*** Begin section ***
(* Let $\kappa\ge2$, $n\ge1$ be integers and $0<\epsilon<1$. Let $\check q$ be given by $\check q_i=0$ for $0\le i<2^{\kappa-1}$ and $\check q_i=2^{1-\kappa}$ for $2^{\kappa-1}\le i\le2^\kappa-1$. Let $\mathcal{C}_\rho$ be the set of $q\in\mathbb{R}^{2^\kappa}$ with $q_0=0$, $q_i\ge0$ for all $i$, $\sum_iq_i=1$, and $\sum_{i=1}^{2^\kappa-1}\big(q_i-\tfrac{1}{2^\kappa-1}\big)^2=\frac{2^{\kappa-1}-1}{(2^\kappa-2^{\kappa-1})(2^\kappa-1)}.$ Then $\check q\in\mathcal{C}_\rho$ and $\lambda(n,\epsilon,\check q)\le\lambda(n,\epsilon,q)$ for all $q\in\mathcal{C}_\rho$.
   Context: $W=\mathbb{F}_2^\kappa$; $\nu(i)\in W$ is the binary expansion of $i\in\{0,\dots,2^\kappa-1\}$; vectors $q$ are indexed $q_0,\dots,q_{2^\kappa-1}$. For a subspace $S\subseteq W$, $\zeta(S,q)=\sum_{i:\nu(i)\in S}q_i$; $\Xi(W,\kappa-1)$ is the set of $(\kappa-1)$-dimensional subspaces of $W$. For real $q$ define $\lambda(n,\epsilon,q)=(2-\epsilon)^n2^{-\kappa}\Big(1+\sum_{S\in\Xi(W,\kappa-1)}\big(\tfrac{\epsilon}{2-\epsilon}\big)^{n(1-\zeta(S,q))}\Big)-1$ (the $\chi^2$ divergence between $p_{MZ}$ and $p_Mp_Z$ for the coset code over a binary erasure channel with erasure probability $\epsilon$, when $q$ is a generator matrix's column-distribution vector). The vector $\check q$ (the first subspace exclusion code) puts equal weight on all vectors outside the $(\kappa-1)$-dimensional subspace $\{\nu(i):i<2^{\kappa-1}\}$. *)

theory Defs
  imports "HOL-Analysis.Analysis"
begin

text \<open>Vectors of W = F_2^kappa are represented as subsets of {0..<kappa}
  (the support of the 0/1 vector); vector addition is symmetric difference.\<close>

definition Wsp :: "nat \<Rightarrow> nat set set" where
  "Wsp \<kappa> = Pow {0..<\<kappa>}"

definition vadd :: "nat set \<Rightarrow> nat set \<Rightarrow> nat set" where
  "vadd x y = (x - y) \<union> (y - x)"

definition nu :: "nat \<Rightarrow> nat set" where
  "nu i = {j. bit i j}"

definition vsum :: "nat set set \<Rightarrow> nat set" where
  "vsum T = {j. odd (card {t\<in>T. j \<in> t})}"

definition F2_span :: "nat set set \<Rightarrow> nat set set" where
  "F2_span B = {vsum T | T. T \<subseteq> B}"

definition F2_indep :: "nat set set \<Rightarrow> bool" where
  "F2_indep B \<longleftrightarrow> finite B \<and> (\<forall>T\<subseteq>B. T \<noteq> {} \<longrightarrow> vsum T \<noteq> {})"

definition is_subspace :: "nat \<Rightarrow> nat set set \<Rightarrow> bool" where
  "is_subspace \<kappa> S \<longleftrightarrow> S \<subseteq> Wsp \<kappa> \<and> {} \<in> S \<and> (\<forall>x\<in>S. \<forall>y\<in>S. vadd x y \<in> S)"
*** End section ***
» WHAT IS NEEDED
Retype every record without alteration.

» PROBLEM SOLUTION
(* Let $\kappa\ge2$, $n\ge1$ be integers and $0<\epsilon<1$. Let $\check q$ be given by $\check q_i=0$ for $0\le i<2^{\kappa-1}$ and $\check q_i=2^{1-\kappa}$ for $2^{\kappa-1}\le i\le2^\kappa-1$. Let $\mathcal{C}_\rho$ be the set of $q\in\mathbb{R}^{2^\kappa}$ with $q_0=0$, $q_i\ge0$ for all $i$, $\sum_iq_i=1$, and $\sum_{i=1}^{2^\kappa-1}\big(q_i-\tfrac{1}{2^\kappa-1}\big)^2=\frac{2^{\kappa-1}-1}{(2^\kappa-2^{\kappa-1})(2^\kappa-1)}.$ Then $\check q\in\mathcal{C}_\rho$ and $\lambda(n,\epsilon,\check q)\le\lambda(n,\epsilon,q)$ for all $q\in\mathcal{C}_\rho$.
   Context: $W=\mathbb{F}_2^\kappa$; $\nu(i)\in W$ is the binary expansion of $i\in\{0,\dots,2^\kappa-1\}$; vectors $q$ are indexed $q_0,\dots,q_{2^\kappa-1}$. For a subspace $S\subseteq W$, $\zeta(S,q)=\sum_{i:\nu(i)\in S}q_i$; $\Xi(W,\kappa-1)$ is the set of $(\kappa-1)$-dimensional subspaces of $W$. For real $q$ define $\lambda(n,\epsilon,q)=(2-\epsilon)^n2^{-\kappa}\Big(1+\sum_{S\in\Xi(W,\kappa-1)}\big(\tfrac{\epsilon}{2-\epsilon}\big)^{n(1-\zeta(S,q))}\Big)-1$ (the $\chi^2$ divergence between $p_{MZ}$ and $p_Mp_Z$ for the coset code over a binary erasure channel with erasure probability $\epsilon$, when $q$ is a generator matrix's column-distribution vector). The vector $\check q$ (the first subspace exclusion code) puts equal weight on all vectors outside the $(\kappa-1)$-dimensional subspace $\{\nu(i):i<2^{\kappa-1}\}$. *)

theory Defs
  imports "HOL-Analysis.Analysis"
begin

text \<open>Vectors of W = F_2^kappa are represented as subsets of {0..<kappa}
  (the support of the 0/1 vector); vector addition is symmetric difference.\<close>

definition Wsp :: "nat \<Rightarrow> nat set set" where
  "Wsp \<kappa> = Pow {0..<\<kappa>}"

definition vadd :: "nat set \<Rightarrow> nat set \<Rightarrow> nat set" where
  "vadd x y = (x - y) \<union> (y - x)"

definition nu :: "nat \<Rightarrow> nat set" where
  "nu i = {j. bit i j}"

definition vsum :: "nat set set \<Rightarrow> nat set" where
  "vsum T = {j. odd (card {t\<in>T. j \<in> t})}"

definition F2_span :: "nat set set \<Rightarrow> nat set set" where
  "F2_span B = {vsum T | T. T \<subseteq> B}"

definition F2_indep :: "nat set set \<Rightarrow> bool" where
  "F2_indep B \<longleftrightarrow> finite B \<and> (\<forall>T\<subseteq>B. T \<noteq> {} \<longrightarrow> vsum T \<noteq> {})"

definition is_subspace :: "nat \<Rightarrow> nat set set \<Rightarrow> bool" where
  "is_subspace \<kappa> S \<longleftrightarrow> S \<subseteq> Wsp \<kappa> \<and> {} \<in> S \<and> (\<forall>x\<in>S. \<forall>y\<in>S. vadd x y \<in> S)"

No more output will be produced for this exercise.